Collected data:
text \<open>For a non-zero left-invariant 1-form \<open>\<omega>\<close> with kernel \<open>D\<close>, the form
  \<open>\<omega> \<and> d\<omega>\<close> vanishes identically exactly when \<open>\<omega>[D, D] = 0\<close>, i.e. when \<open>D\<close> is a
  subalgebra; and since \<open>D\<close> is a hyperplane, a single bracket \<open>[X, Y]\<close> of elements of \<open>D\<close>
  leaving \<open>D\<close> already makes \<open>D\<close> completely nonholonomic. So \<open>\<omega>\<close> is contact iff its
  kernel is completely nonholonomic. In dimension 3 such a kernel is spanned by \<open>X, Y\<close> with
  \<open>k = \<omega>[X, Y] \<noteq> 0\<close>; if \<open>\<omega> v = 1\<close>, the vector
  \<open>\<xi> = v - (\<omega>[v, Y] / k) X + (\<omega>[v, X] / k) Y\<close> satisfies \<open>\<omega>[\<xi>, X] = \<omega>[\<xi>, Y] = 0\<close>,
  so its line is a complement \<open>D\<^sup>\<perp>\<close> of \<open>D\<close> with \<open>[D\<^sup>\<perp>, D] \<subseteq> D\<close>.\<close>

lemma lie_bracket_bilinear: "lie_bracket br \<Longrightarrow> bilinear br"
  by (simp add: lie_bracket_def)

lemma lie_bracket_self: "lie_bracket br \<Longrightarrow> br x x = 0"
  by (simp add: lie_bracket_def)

...

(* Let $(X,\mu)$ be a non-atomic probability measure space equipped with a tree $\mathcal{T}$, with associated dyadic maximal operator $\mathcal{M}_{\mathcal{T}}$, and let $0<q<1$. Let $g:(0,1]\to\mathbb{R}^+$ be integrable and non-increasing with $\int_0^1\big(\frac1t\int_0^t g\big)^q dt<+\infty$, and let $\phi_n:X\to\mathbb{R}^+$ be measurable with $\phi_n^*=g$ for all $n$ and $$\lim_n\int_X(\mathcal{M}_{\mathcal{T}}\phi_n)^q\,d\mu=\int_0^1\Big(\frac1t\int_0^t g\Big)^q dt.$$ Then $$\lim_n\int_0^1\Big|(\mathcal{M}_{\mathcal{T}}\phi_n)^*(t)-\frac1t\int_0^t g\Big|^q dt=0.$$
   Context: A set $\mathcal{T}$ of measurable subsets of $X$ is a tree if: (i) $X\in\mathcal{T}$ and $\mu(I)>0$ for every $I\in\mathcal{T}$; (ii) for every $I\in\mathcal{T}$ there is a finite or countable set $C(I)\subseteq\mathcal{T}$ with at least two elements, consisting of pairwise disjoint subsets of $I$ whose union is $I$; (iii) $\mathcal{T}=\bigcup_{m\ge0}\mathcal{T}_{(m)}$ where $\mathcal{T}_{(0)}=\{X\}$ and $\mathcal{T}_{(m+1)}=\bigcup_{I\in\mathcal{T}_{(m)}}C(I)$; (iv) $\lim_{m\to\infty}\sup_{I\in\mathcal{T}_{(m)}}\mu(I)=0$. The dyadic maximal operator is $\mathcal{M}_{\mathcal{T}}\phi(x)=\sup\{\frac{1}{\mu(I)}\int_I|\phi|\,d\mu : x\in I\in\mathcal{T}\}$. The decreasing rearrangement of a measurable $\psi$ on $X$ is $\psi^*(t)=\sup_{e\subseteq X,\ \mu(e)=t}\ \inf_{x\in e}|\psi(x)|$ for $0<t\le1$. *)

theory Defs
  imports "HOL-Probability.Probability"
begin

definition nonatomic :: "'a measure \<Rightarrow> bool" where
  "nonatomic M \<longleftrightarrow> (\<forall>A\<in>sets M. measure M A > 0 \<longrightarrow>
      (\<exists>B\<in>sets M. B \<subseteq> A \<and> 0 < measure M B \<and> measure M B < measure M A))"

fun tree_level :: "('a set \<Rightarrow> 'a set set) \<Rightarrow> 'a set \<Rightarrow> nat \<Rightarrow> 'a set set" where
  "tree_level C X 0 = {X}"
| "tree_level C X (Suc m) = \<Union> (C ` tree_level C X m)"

--

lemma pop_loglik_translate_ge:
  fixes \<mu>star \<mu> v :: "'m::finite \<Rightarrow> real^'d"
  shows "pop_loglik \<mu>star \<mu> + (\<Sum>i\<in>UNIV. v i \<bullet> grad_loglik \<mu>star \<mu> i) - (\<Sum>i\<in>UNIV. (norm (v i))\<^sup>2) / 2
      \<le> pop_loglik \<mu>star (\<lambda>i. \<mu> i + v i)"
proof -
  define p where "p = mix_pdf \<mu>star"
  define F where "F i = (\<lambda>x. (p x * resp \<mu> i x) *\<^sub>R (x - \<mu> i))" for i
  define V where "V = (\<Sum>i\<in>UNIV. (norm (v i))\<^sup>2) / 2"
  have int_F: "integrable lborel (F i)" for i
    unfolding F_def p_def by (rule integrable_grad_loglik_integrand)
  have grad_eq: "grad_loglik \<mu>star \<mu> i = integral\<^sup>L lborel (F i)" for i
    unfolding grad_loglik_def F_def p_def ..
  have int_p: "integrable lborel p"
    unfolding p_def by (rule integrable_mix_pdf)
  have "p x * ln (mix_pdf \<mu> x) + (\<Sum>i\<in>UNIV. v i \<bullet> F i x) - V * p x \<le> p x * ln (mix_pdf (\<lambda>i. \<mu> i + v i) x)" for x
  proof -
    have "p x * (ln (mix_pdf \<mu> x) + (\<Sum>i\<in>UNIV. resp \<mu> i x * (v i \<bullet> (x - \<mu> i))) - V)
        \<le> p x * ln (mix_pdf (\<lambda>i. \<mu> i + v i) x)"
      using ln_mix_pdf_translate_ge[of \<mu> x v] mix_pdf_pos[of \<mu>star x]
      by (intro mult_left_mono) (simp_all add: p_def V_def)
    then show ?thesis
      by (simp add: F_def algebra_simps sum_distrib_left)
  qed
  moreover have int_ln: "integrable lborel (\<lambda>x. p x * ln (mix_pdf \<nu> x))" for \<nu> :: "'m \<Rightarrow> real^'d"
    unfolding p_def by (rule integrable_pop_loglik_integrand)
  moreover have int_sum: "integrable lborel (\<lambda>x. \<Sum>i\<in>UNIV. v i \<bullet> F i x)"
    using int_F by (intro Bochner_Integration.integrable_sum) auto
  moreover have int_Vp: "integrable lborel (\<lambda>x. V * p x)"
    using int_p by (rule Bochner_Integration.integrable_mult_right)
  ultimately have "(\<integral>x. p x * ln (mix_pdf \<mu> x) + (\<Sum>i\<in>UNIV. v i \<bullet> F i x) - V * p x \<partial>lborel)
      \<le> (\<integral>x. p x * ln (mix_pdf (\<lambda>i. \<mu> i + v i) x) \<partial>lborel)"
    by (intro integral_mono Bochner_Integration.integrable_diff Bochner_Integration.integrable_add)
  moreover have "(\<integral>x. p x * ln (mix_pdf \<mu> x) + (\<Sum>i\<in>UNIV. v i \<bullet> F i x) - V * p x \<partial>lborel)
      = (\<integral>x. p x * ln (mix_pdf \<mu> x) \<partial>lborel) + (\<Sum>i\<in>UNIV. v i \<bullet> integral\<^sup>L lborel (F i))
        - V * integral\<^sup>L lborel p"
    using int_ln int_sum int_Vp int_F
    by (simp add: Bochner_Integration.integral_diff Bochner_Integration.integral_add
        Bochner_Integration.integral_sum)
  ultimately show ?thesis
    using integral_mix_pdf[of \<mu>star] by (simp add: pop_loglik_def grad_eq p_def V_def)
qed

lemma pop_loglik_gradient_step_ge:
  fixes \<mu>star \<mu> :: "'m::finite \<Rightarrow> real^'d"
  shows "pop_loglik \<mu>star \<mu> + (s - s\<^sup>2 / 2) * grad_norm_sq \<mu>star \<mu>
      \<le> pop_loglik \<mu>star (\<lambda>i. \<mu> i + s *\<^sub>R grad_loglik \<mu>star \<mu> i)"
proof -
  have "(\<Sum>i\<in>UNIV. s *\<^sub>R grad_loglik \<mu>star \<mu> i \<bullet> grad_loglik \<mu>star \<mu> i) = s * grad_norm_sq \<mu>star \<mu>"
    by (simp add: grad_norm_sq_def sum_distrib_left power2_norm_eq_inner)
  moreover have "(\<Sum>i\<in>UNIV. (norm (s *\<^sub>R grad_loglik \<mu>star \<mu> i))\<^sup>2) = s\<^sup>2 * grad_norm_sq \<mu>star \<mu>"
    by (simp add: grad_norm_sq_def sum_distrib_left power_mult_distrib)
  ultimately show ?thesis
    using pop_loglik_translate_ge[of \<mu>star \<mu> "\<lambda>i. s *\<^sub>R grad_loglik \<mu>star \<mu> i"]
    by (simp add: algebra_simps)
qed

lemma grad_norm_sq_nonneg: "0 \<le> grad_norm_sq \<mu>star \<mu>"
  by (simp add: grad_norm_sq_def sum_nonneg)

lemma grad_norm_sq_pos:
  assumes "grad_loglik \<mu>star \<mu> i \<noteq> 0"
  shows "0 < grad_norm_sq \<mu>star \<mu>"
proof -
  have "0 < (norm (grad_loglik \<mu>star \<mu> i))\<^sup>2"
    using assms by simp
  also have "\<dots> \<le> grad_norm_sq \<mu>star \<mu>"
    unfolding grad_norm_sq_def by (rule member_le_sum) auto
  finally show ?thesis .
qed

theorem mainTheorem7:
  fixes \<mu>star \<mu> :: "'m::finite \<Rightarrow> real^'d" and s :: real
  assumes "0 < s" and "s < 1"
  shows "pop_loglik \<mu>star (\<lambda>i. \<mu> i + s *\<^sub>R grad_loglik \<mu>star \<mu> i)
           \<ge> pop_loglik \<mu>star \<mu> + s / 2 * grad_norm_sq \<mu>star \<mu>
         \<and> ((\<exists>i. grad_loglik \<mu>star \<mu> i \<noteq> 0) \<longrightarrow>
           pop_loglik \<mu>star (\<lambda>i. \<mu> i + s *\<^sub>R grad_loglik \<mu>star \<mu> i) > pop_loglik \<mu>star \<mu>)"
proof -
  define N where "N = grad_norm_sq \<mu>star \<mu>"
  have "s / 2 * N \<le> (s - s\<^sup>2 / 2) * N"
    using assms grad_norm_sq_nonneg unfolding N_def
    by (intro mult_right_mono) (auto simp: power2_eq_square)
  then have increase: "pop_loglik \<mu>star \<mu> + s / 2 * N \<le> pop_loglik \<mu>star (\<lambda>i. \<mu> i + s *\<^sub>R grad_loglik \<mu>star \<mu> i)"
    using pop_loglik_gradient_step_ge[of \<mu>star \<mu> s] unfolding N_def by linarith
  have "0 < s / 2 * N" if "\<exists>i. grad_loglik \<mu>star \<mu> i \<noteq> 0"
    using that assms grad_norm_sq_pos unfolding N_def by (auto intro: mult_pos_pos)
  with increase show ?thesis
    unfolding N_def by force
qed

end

## Task to carry out
When a line among the entries above contains "thesis", copy it.

## Answer to this exercise
    then show ?thesis
  ultimately show ?thesis
  ultimately show ?thesis
  finally show ?thesis .
  with increase show ?thesis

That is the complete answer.